Similar views on child labor can be found in an article by Olga Nieuwenhuys in the Annual Review of Anthropology 1996 called The Paradox of Child Labor and Anthropology. In her view, one should rather focus on the economic conditions that create child labor. In her review, she is also criticizing notions of childhood that may make sense in rich countries, but not in poor ones:

Illuminating the complexity of the work patterns of children in developing countries, recent anthropological research has begun to demonstrate the need to critically examine the relation between the condemnation of child labor on the one hand and children’s everyday work practice on the other.

The emerging paradox is that the moral condemnation of child labor assumes that children’s place in modern society must perforce be one of dependency and passivity. This denial of their capacity to legitimately act upon their environment by undertaking valuable work makes children altogether dependent upon entitlements guaranteed by the state. Yet we must question the state’s role—as the evidence on growing child poverty caused by cuts in social spending has illuminated—in carrying out its mission.

(…)

As a global solution to eliminate child labor, development experts are now proposing a standard based on the sanctity of the nuclear family on the one hand and the school on the other as the only legitimate spaces for growing up. If this becomes a universal standard, there is a danger of negating the worth of often precious mechanisms for survival, and penalizing or even criminalizing the ways the poor bring up their children. This criminalization is made more malevolent as modern economies increasingly display their unwillingness to protect poor children from the adverse effects of neoliberal trade policies.

(…)

The price of maintaining this order (of childhood institutions like school) is high, because it requires, among other commitments, money to support the institutions at the basis of the childhood ideal, such as free education, cheap housing, free health care, sport and recreation facilities, family welfare and support services, etc. Developing economies will unlikely be able to generate in the near future the social surplus that the maintenance of these institutions requires. As the neoliberal critique of the welfare state gains popularity, wealthy economies also become reluctant to continue shouldering childhood institutions.
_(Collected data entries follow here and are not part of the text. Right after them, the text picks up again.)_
definition q_ang :: "real \<Rightarrow> (nat \<Rightarrow> real) \<Rightarrow> (nat \<Rightarrow> nat \<Rightarrow> real) \<Rightarrow> real \<times> real \<Rightarrow> real" where
  "q_ang \<gamma> c a z = (sqrt 2 / (2 * fst z)) * cot (sqrt 2 * snd z) - (fst z / 4) * cang' c (snd z)
      + (\<gamma> * fst z ^ 3 / 16) * aang' a (snd z)"

lemma has_derivative_fst_comp:
  assumes "(f has_real_derivative f') (at a)"
  shows "((\<lambda>z. f (fst z)) has_derivative (\<lambda>v. f' * fst v)) (at (a, b))"
proof -
  have "(f has_real_derivative f') (at (fst (a, b)))" using assms by simp
  from DERIV_compose_FDERIV[OF this has_derivative_fst[OF has_derivative_ident]] show ?thesis
    by (simp add: mult.commute)
qed

lemma has_derivative_snd_comp:
  assumes "(h has_real_derivative h') (at b)"
  shows "((\<lambda>z. h (snd z)) has_derivative (\<lambda>v. h' * snd v)) (at (a, b))"
proof -
  have "(h has_real_derivative h') (at (snd (a, b)))" using assms by simp
  from DERIV_compose_FDERIV[OF this has_derivative_snd[OF has_derivative_ident]] show ?thesis
    by (simp add: mult.commute)
qed

lemma has_derivative_separable:
  assumes "(f has_real_derivative f') (at a)" "(h has_real_derivative h') (at b)"
  shows "((\<lambda>z. f (fst z) * h (snd z)) has_derivative (\<lambda>v. f' * h b * fst v + f a * h' * snd v)) (at (a, b))"
  by (rule has_derivative_eq_rhs[OF has_derivative_mult[OF has_derivative_fst_comp[OF assms(1)]
        has_derivative_snd_comp[OF assms(2)]]])
     (auto simp: fun_eq_iff algebra_simps)

lemma q_rad_has_derivative:
  assumes "r > 0"
  shows "(q_rad \<gamma> c a has_derivative (\<lambda>v.
     (- 1 / r\<^sup>2 - cang c \<theta> / 2 + 3 * \<gamma> * r\<^sup>2 * aang a \<theta> / 4) * fst v
     + (- r * cang' c \<theta> / 2 + \<gamma> * r ^ 3 * aang' a \<theta> / 4) * snd v)) (at (r, \<theta>))"
proof -
  have d0: "((\<lambda>r. 1 / r) has_real_derivative - 1 / r\<^sup>2) (at r)"
    using assms by (auto intro!: derivative_eq_intros simp: power2_eq_square)
  have d1: "((\<lambda>r. r / 2) has_real_derivative 1 / 2) (at r)"
    by (auto intro!: derivative_eq_intros)
  have d2: "((\<lambda>r. \<gamma> * r ^ 3 / 4) has_real_derivative 3 * \<gamma> * r\<^sup>2 / 4) (at r)"
    by (auto intro!: derivative_eq_intros simp: power2_eq_square)
  have "((\<lambda>z. 1 / fst z - (fst z / 2) * cang c (snd z) + (\<gamma> * fst z ^ 3 / 4) * aang a (snd z))
    has_derivative (\<lambda>v. - 1 / r\<^sup>2 * fst v - (1 / 2 * cang c \<theta> * fst v + r / 2 * cang' c \<theta> * snd v)
        + (3 * \<gamma> * r\<^sup>2 / 4 * aang a \<theta> * fst v + \<gamma> * r ^ 3 / 4 * aang' a \<theta> * snd v))) (at (r, \<theta>))"
    by (intro has_derivative_add has_derivative_diff has_derivative_fst_comp[OF d0]
        has_derivative_separable[OF d1 cang_has_derivative] has_derivative_separable[OF d2 aang_has_derivative])
  then show ?thesis unfolding q_rad_def[abs_def]
    by (rule has_derivative_eq_rhs) (auto simp: fun_eq_iff algebra_simps)
qed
Rethinking the paradoxical relation between neoliberal and global childhood ideology is one of the most promising areas for research, she writes:

Research should especially seek to uncover how the need of poor children to realize self-esteem through paid work impinges upon the moral condemnation of child labor as one of the fundamental principles of modernity. (…) The ways children devise to create and negotiate the value of their work and how they invade structures of constraint based on seniority are other promising areas of future anthropological research.

This type of research is even more relevant in that it may not only enrich our knowledge of children’s agency but may prove seminal in understanding the process by which work acquires its meaning and is transformed into value.

Current child labor policies reinforce acccording to Olga Nieuwenhuys paradoxically children’s vulnerability to exploitation:

Irrespective of what children do and what they think of what they do, modern society sets children apart ideologically as a category of people excluded from the production of value. The dissociation of childhood from the performance of valued work is considered a yardstick of modernity, and a high incidence of child labor is considered a sign of underdevelopment. The problem with defining children’s roles in this way, however, is that it denies their agency in the creation and negotiation of value.

The whole paper is not accessible for people outside the academe (university account needed).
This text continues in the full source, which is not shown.